---------- Records to use
(* Let $K\ge 2$, let $m_1<\cdots<m_K$ be pairwise co-prime positive integers, $M$ a positive integer and $M_k=Mm_k$. Let $N_1,N_2$ be nonnegative integers, $r_{l,k}=\langle N_l\rangle_{M_k}$, $r_l^c=\langle N_l\rangle_M$, and let $\tilde r_{l,k}=r_{l,k}+\Delta r_{l,k}$ ($l=1,2$, $k=1,\ldots,K$) with integer errors $\Delta r_{l,k}$. Let $\tau=\max_{l,k}|\Delta r_{l,k}|$ and $\tilde r^c_{l,k}=\langle\tilde r_{l,k}\rangle_M$. List the $2K$ numbers $\tilde r^c_{l,k}$ ($l=1,2$, $k=1,\ldots,K$, counted with multiplicity) in nondecreasing order as $s_1\le s_2\le\cdots\le s_{2K}$, and define $D_k=s_{k+1}-s_k$ for $k=1,\ldots,2K-1$ and $D_{2K}=s_1-s_{2K}+M$. If $\tau<M/8$, then there exists one and only one index $k_0\in\{1,\ldots,K\}$ with $$D_{k_0}+D_{k_0+K}>M/2.$$ Moreover, define the multisets $\Omega_1=\{s_{k_0+1},\ldots,s_{k_0+K}\}$ and $$\Omega_2=\begin{cases}\{s_1,\ldots,s_K\}, & k_0=K,\\ \{s_{k_0+K+1}-M,\ldots,s_{2K}-M,\ s_1,\ldots,s_{k_0}\}, & k_0\ne K.\end{cases}$$ Then $\max\Omega_1-\min\Omega_1\le 2\tau$ and $\max\Omega_2-\min\Omega_2\le 2\tau$.
   Context: For a positive integer $n$ and an integer $x$ (possibly negative), $\langle x\rangle_n$ denotes the remainder of $x$ modulo $n$, i.e. the unique element of $\{0,\ldots,n-1\}$ congruent to $x$ modulo $n$. Note $\sum_{k=1}^{2K}D_k=M$ and all $D_k\ge 0$. *)

theory Defs
  imports Main "HOL-Computational_Algebra.Primes"
begin

definition rc :: "nat \<Rightarrow> (nat \<Rightarrow> nat) \<Rightarrow> (nat \<Rightarrow> nat) \<Rightarrow> (nat \<Rightarrow> nat \<Rightarrow> int) \<Rightarrow> nat \<Rightarrow> nat \<Rightarrow> int" where
  "rc M m N dr l k = (int (N l mod (M * m k)) + dr l k) mod int M"

text \<open>The sorted sequence s_1 <= ... <= s_{2K} (1-based indexing).\<close>
definition sseq :: "nat \<Rightarrow> nat \<Rightarrow> (nat \<Rightarrow> nat) \<Rightarrow> (nat \<Rightarrow> nat) \<Rightarrow> (nat \<Rightarrow> nat \<Rightarrow> int) \<Rightarrow> nat \<Rightarrow> int" where
  "sseq K M m N dr i = sort [rc M m N dr l k. l \<leftarrow> [1,2], k \<leftarrow> [1..<K+1]] ! (i - 1)"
--------------------
Work request:
Would you copy out each line of the records above where the word "begin" occurs?

Result:
(* Let $K\ge 2$, let $m_1<\cdots<m_K$ be pairwise co-prime positive integers, $M$ a positive integer and $M_k=Mm_k$. Let $N_1,N_2$ be nonnegative integers, $r_{l,k}=\langle N_l\rangle_{M_k}$, $r_l^c=\langle N_l\rangle_M$, and let $\tilde r_{l,k}=r_{l,k}+\Delta r_{l,k}$ ($l=1,2$, $k=1,\ldots,K$) with integer errors $\Delta r_{l,k}$. Let $\tau=\max_{l,k}|\Delta r_{l,k}|$ and $\tilde r^c_{l,k}=\langle\tilde r_{l,k}\rangle_M$. List the $2K$ numbers $\tilde r^c_{l,k}$ ($l=1,2$, $k=1,\ldots,K$, counted with multiplicity) in nondecreasing order as $s_1\le s_2\le\cdots\le s_{2K}$, and define $D_k=s_{k+1}-s_k$ for $k=1,\ldots,2K-1$ and $D_{2K}=s_1-s_{2K}+M$. If $\tau<M/8$, then there exists one and only one index $k_0\in\{1,\ldots,K\}$ with $$D_{k_0}+D_{k_0+K}>M/2.$$ Moreover, define the multisets $\Omega_1=\{s_{k_0+1},\ldots,s_{k_0+K}\}$ and $$\Omega_2=\begin{cases}\{s_1,\ldots,s_K\}, & k_0=K,\\ \{s_{k_0+K+1}-M,\ldots,s_{2K}-M,\ s_1,\ldots,s_{k_0}\}, & k_0\ne K.\end{cases}$$ Then $\max\Omega_1-\min\Omega_1\le 2\tau$ and $\max\Omega_2-\min\Omega_2\le 2\tau$.
begin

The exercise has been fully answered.